Problem details:
Starting at the line with "(*) (\<gamma> \<bullet>", repeat every line exactly until the records end, including the last one.

Supplied material:

(* Consider problem (P) with $\mathcal{X}_i=\mathbb{R}^{d_i}$ for all $i$, under Assumption 1, and let $\mathcal{G}$ be undirected and connected. Then for any $\alpha,\beta>0$ and any initial point $(\mathbf{x}(0),\boldsymbol\lambda(0),\mathbf{z}(0))\in\mathbb{R}^d\times\mathbb{R}^{np}\times\mathbb{R}^{np}$ with $\sum_{i=1}^n z_i(0)=0$, the trajectory $(\mathbf{x}(t),\boldsymbol\lambda(t),\mathbf{z}(t))$ of IDEA converges to a point $(\mathbf{x}^*,\boldsymbol\lambda^*,\mathbf{z}^* )$ where $\mathbf{x}^*$ is an optimal solution of (P).
   Context: Problem (P): for $i=1,\dots,n$ let $f_i:\mathbb{R}^{d_i}\to\mathbb{R}$, $\mathcal{X}_i\subseteq\mathbb{R}^{d_i}$, $A_i\in\mathbb{R}^{p\times d_i}$, $b\in\mathbb{R}^p$; $d=\sum_i d_i$, $\mathbf{x}=[x_1^\top,\dots,x_n^\top]^\top$, $f(\mathbf{x})=\sum_i f_i(x_i)$, $A=[A_1,\dots,A_n]$, $\mathcal{X}=\prod_i\mathcal{X}_i$; (P) is $\min f(\mathbf{x})$ s.t. $A\mathbf{x}=b$, $\mathbf{x}\in\mathcal{X}$, assumed to have at least one optimal solution. Assumption 1: each $\mathcal{X}_i$ is closed and convex, $f_i$ is convex on $\mathcal{X}_i$ and differentiable on an open set containing $\mathcal{X}_i$ with $\nabla f_i$ locally Lipschitz there, and Slater's condition holds (some relative interior point of $\mathcal{X}$ satisfies $A\mathbf{x}=b$). Graph: weighted graph on $\{1,\dots,n\}$ with adjacency matrix $[a_{ij}]$ ($a_{ij}>0$ if agent $i$ receives from agent $j$, else $0$); Laplacian $L=D^{out}-[a_{ij}]$, $D^{out}=\mathrm{diag}(\sum_j a_{ij})_i$. Undirected means $a_{ij}=a_{ji}$ for all $i,j$. IDEA: choose $b_1,\dots,b_n\in\mathbb{R}^p$ with $\sum_i b_i=b$; $\mathbf{A}=\mathrm{diag}(A_1,\dots,A_n)\in\mathbb{R}^{np\times d}$, $\mathbf{b}=[b_1^\top,\dots,b_n^\top]^\top$, $\mathbf{L}=L\otimes I_p$, $\nabla f(\mathbf{x})=[\nabla f_1(x_1)^\top,\dots,\nabla f_n(x_n)^\top]^\top$, $\boldsymbol\lambda=[\lambda_1^\top,\dots,\lambda_n^\top]^\top$, $\mathbf{z}=[z_1^\top,\dots,z_n^\top]^\top\in\mathbb{R}^{np}$. IDEA is $\dot{\mathbf{x}}=-\alpha(\nabla f(\mathbf{x})+\mathbf{A}^\top\boldsymbol\lambda)-\mathbf{A}^\top(\mathbf{A}\mathbf{x}-\mathbf{b}-\mathbf{z})$, $\dot{\boldsymbol\lambda}=\mathbf{A}\mathbf{x}-\mathbf{b}-\mathbf{z}-\beta\mathbf{L}\boldsymbol\lambda$, $\dot{\mathbf{z}}=\alpha\beta\mathbf{L}\boldsymbol\lambda$. *)

theory Defs
  imports "HOL-Analysis.Analysis"
begin

definition loc_lipschitz_on :: "'a::metric_space set \<Rightarrow> ('a \<Rightarrow> 'b::metric_space) \<Rightarrow> bool" where
  "loc_lipschitz_on S g \<longleftrightarrow> (\<forall>x\<in>S. \<exists>e>0. \<exists>L. L-lipschitz_on (ball x e \<inter> S) g)"

definition undirected_graph :: "nat \<Rightarrow> (nat \<Rightarrow> nat \<Rightarrow> real) \<Rightarrow> bool" where
  "undirected_graph n a \<longleftrightarrow> (\<forall>i<n. \<forall>j<n. a i j \<ge> 0 \<and> a i j = a j i)"

definition graph_connected :: "nat \<Rightarrow> (nat \<Rightarrow> nat \<Rightarrow> real) \<Rightarrow> bool" where
  "graph_connected n a \<longleftrightarrow>
     (\<forall>i<n. \<forall>j<n. (\<lambda>u v. u < n \<and> v < n \<and> a u v > 0)\<^sup>*\<^sup>* i j)"

text \<open>Block i of the Laplacian applied to a stacked vector: (L (x) I_p) lam, block i.\<close>
definition lap :: "nat \<Rightarrow> (nat \<Rightarrow> nat \<Rightarrow> real) \<Rightarrow> (nat \<Rightarrow> 'p::real_vector) \<Rightarrow> nat \<Rightarrow> 'p" where
  "lap n a lam i = (\<Sum>j<n. a i j *\<^sub>R (lam i - lam j))"

end

theory Submission
  imports Defs "Jordan_Normal_Form.Determinant"
begin

text \<open>Take a KKT pair (x*, mu*) of (P), set z*_i = A_i x* - b_i, and choose a potential W with
  L W = z - z* and W' = \<alpha>\<beta> \<lambda>; it exists because z - z* has zero sum. The function
    V = |x - x*|^2 / 2 + \<Sum>_i |\<alpha> (\<lambda>_i - mu*) + z_i - z*_i|^2 / (2\<alpha>) + <W, L W> / (2\<beta>)
  satisfies V' = - (\<alpha> <x - x*, grad f(x) - grad f(x*)> + \<Sum>_i |A_i x - b_i - z_i|^2) \<le> 0.
  Hence the trajectory is bounded and uniformly continuous, and Barbalat's lemma makes both this
  dissipation and the time derivative of the residuals A_i x - b_i - z_i tend to 0. At a cluster
  point the first limit yields an optimal x, and the second one forces the multipliers into
  consensus, so that the cluster point is itself a KKT pair. Recentred at this pair, V decreases
  and tends to 0 along the cluster sequence, hence tends to 0, and so the whole trajectory
  converges.\<close>

no_notation Matrix.scalar_prod (infix \<open>\<bullet>\<close> 70)

section \<open>Analysis on the half-line\<close>

lemma DERIV_within_nonpos_imp_decreasing:
  fixes V D :: "real \<Rightarrow> real"
  assumes "0 \<le> s" "s \<le> t"
    and der: "\<And>r. r \<in> {s..t} \<Longrightarrow> (V has_real_derivative D r) (at r within {0..})"
    and nonpos: "\<And>r. r \<in> {s..t} \<Longrightarrow> D r \<le> 0"
  shows "V t \<le> V s"
proof (rule DERIV_nonpos_imp_decreasing_open[OF \<open>s \<le> t\<close>])
  have "continuous (at r within {s..t}) V" if "r \<in> {s..t}" for r
    by (rule continuous_within_subset[OF DERIV_continuous[OF der[OF that]]]) (use assms(1) in auto)
  then show "continuous_on {s..t} V"
    by (simp add: continuous_on_eq_continuous_within)
  fix r assume r: "s < r" "r < t"
  then have "at r within {0..} = at r"
    using assms(1) by (intro at_within_interior) auto
  then show "\<exists>y. DERIV V r :> y \<and> y \<le> 0"
    using der[of r] nonpos[of r] r by auto
qed

lemmas has_vector_derivative_scaleR_right = bounded_linear.has_vector_derivative[OF bounded_linear_scaleR_right]
lemmas has_vector_derivative_matrix_vector_mult = bounded_linear.has_vector_derivative[OF matrix_vector_mul_bounded_linear]

lemma has_vector_derivative_zero_imp_const:
  fixes f :: "real \<Rightarrow> 'a::real_normed_vector"
  assumes "\<And>t. t \<ge> 0 \<Longrightarrow> (f has_vector_derivative 0) (at t within {0..})" "t \<ge> 0"
  shows "f t = f 0"
proof -
  have "\<exists>c. \<forall>s\<in>{0::real..}. f s = c"
    by (rule has_derivative_zero_constant) (use assms(1) in \<open>auto simp: has_vector_derivative_def\<close>)
  then show ?thesis
    using assms(2) by force
qed

lemma primitive_exists:
  fixes u :: "real \<Rightarrow> 'a::banach"
  assumes "\<And>t. t \<ge> 0 \<Longrightarrow> (u has_vector_derivative u' t) (at t within {0..})"
  obtains P where "P 0 = 0" "\<And>t. t \<ge> 0 \<Longrightarrow> (P has_vector_derivative u t) (at t within {0..})"
proof -
  have cont: "continuous_on {0..} u"
    using assms by (intro continuous_on_vector_derivative) auto
  have "((\<lambda>t. integral {0..t} u) has_vector_derivative u t) (at t within {0..})" if "t \<ge> 0" for t
  proof -
    have "((\<lambda>t. integral {0..t} u) has_vector_derivative u t) (at t within {0..t+1})"
      using that by (intro integral_has_vector_derivative continuous_on_subset[OF cont]) auto
    moreover have "at t within {0..} = at t within {0..t+1}"
      by (rule at_within_nhd[of _ "{..<t+1}"]) (use that in auto)
    ultimately show ?thesis
      by simp
  qed
  then show ?thesis
    by (intro that[of "\<lambda>t. integral {0..t} u"]) auto
qed

lemma has_real_derivative_inner:
  fixes u v :: "real \<Rightarrow> 'a::real_inner"
  assumes "(u has_vector_derivative u') (at t within S)" "(v has_vector_derivative v') (at t within S)"
  shows "((\<lambda>s. u s \<bullet> v s) has_real_derivative (u' \<bullet> v t + u t \<bullet> v')) (at t within S)"
proof -
  have "((\<lambda>s. u s \<bullet> v s) has_derivative (\<lambda>h. u t \<bullet> (h *\<^sub>R v') + (h *\<^sub>R u') \<bullet> v t)) (at t within S)"
    using has_derivative_inner[OF assms[unfolded has_vector_derivative_def]] .
  moreover have "(\<lambda>h. u t \<bullet> (h *\<^sub>R v') + (h *\<^sub>R u') \<bullet> v t) = (*) (u' \<bullet> v t + u t \<bullet> v')"
    by (rule ext) (simp add: algebra_simps)
  ultimately show ?thesis
    unfolding has_field_derivative_def by simp
qed

lemma has_real_derivative_norm_power2:
  fixes u :: "real \<Rightarrow> 'a::real_inner"
  assumes "(u has_vector_derivative u') (at t within S)"
  shows "((\<lambda>s. (norm (u s))\<^sup>2) has_real_derivative (2 * (u t \<bullet> u'))) (at t within S)"
  using has_real_derivative_inner[OF assms assms] by (simp add: power2_norm_eq_inner inner_commute)

lemma has_real_derivative_along_line:
  fixes \<phi> :: "'a::real_inner \<Rightarrow> real"
  assumes "(\<phi> has_derivative (\<lambda>h. \<gamma> \<bullet> h)) (at u)"
  shows "((\<lambda>s. \<phi> (u + s *\<^sub>R d)) has_real_derivative \<gamma> \<bullet> d) (at 0)"
proof -
  have "((\<lambda>s. \<phi> (u + s *\<^sub>R d)) has_derivative (\<lambda>s. \<gamma> \<bullet> (s *\<^sub>R d))) (at 0)"
    using assms by (intro has_derivative_compose[of "\<lambda>s. u + s *\<^sub>R d" _ 0 UNIV \<phi>])
      (auto intro!: derivative_eq_intros)
  moreover have "(\<lambda>s. \<gamma> \<bullet> (s *\<^sub>R d)) = (*) (\<gamma> \<bullet> d)"
    by (rule ext) simp
  ultimately show ?thesis
    by (simp add: has_field_derivative_def)
qed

Answer section:
  moreover have "(\<lambda>s. \<gamma> \<bullet> (s *\<^sub>R d)) = (*) (\<gamma> \<bullet> d)"
    by (rule ext) simp
  ultimately show ?thesis
    by (simp add: has_field_derivative_def)
qed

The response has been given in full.